(* Let $n\in\mathbb{N}$ and let $f_0,f_1,\dots,f_{n-1}$ be complex-valued functions on the unit disc $\mathbb{D}$. For $z\in\mathbb{D}$ and $j=0,\dots,n-1$ define $$D_j(z)=\sum_{k=0}^{n-1}|z|^{jk}f_k(z)\frac{(1-|z|^2)^n}{(1-|z|^{j+2})^k}.$$ Then there exist functions $b_{jk}$ on $\{0<|z|<1\}$, bounded on $\{\frac12<|z|<1\}$, such that for each $0\le k\le n-1$, $$f_k(z)(1-|z|)^{n-k}=\sum_{j=0}^{n-1}b_{jk}(z)D_j(z),\qquad 0<|z|<1.$$ *)

theory Defs
  imports Complex_Main
begin

definition Dfun :: "nat \<Rightarrow> (nat \<Rightarrow> complex \<Rightarrow> complex) \<Rightarrow> nat \<Rightarrow> complex \<Rightarrow> complex" where
  "Dfun n f j z = (\<Sum>k<n. of_real (norm z ^ (j * k)) * f k z *
      of_real ((1 - (norm z)\<^sup>2) ^ n / (1 - norm z ^ (j + 2)) ^ k))"

end

theory Submission
  imports Defs "HOL-Computational_Algebra.Polynomial"
begin

text \<open>Put \<open>r = |z|\<close> and \<open>f_k = (1 - r)^k g_k\<close>. Then \<open>D_j = (1 - r^2)^n \<Sum>_k y_j^k g_k\<close> with
  nodes \<open>y_j = r^j (1 - r) / (1 - r^(j+2))\<close>, so the \<open>D_j\<close> are a Vandermonde transform of the
  \<open>g_k\<close>. For \<open>0 < r < 1\<close> the nodes strictly decrease in \<open>j\<close>, and the coefficients of the
  Lagrange basis polynomials invert the system; since \<open>(1 - r)^n / (1 - r^2)^n = (1 + r)^(-n)\<close>
  this expresses \<open>f_k (1 - r)^(n-k) = (1 - r)^n g_k\<close> through the \<open>D_j\<close>. For \<open>r \<ge> 1/2\<close> the
  nodes lie in \<open>[0, 1]\<close> and are separated by \<open>2^(-n) / (n + 1)^2\<close>, which bounds the Lagrange
  coefficients, hence the \<open>b_jk\<close>, uniformly.\<close>

definition lagrange_basis :: "nat \<Rightarrow> (nat \<Rightarrow> 'a::field) \<Rightarrow> nat \<Rightarrow> 'a poly" where
  "lagrange_basis n y j =
     smult (inverse (\<Prod>i\<in>{..<n} - {j}. y j - y i)) (\<Prod>i\<in>{..<n} - {j}. [:- y i, 1:])"

lemma poly_lagrange_basis:
  assumes "inj_on y {..<n}" "j < n" "m < n"
  shows "poly (lagrange_basis n y j) (y m) = (if m = j then 1 else 0)"
proof (cases "m = j")
  case True
  have "(\<Prod>i\<in>{..<n} - {j}. y j - y i) \<noteq> 0"
    using assms by (auto simp: inj_on_def)
  with True show ?thesis
    by (simp add: lagrange_basis_def poly_prod)
next
  case False
  then have "(\<Prod>i\<in>{..<n} - {j}. y m - y i) = 0"
    using assms by (intro prod_zero) auto
  with False show ?thesis
    by (simp add: lagrange_basis_def poly_prod)
qed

ACTION ITEM: Go through the entries and return each line where the word "coefficients" occurs.

ANSWER BOX:
  \<open>g_k\<close>. For \<open>0 < r < 1\<close> the nodes strictly decrease in \<open>j\<close>, and the coefficients of the
  coefficients, hence the \<open>b_jk\<close>, uniformly.\<close>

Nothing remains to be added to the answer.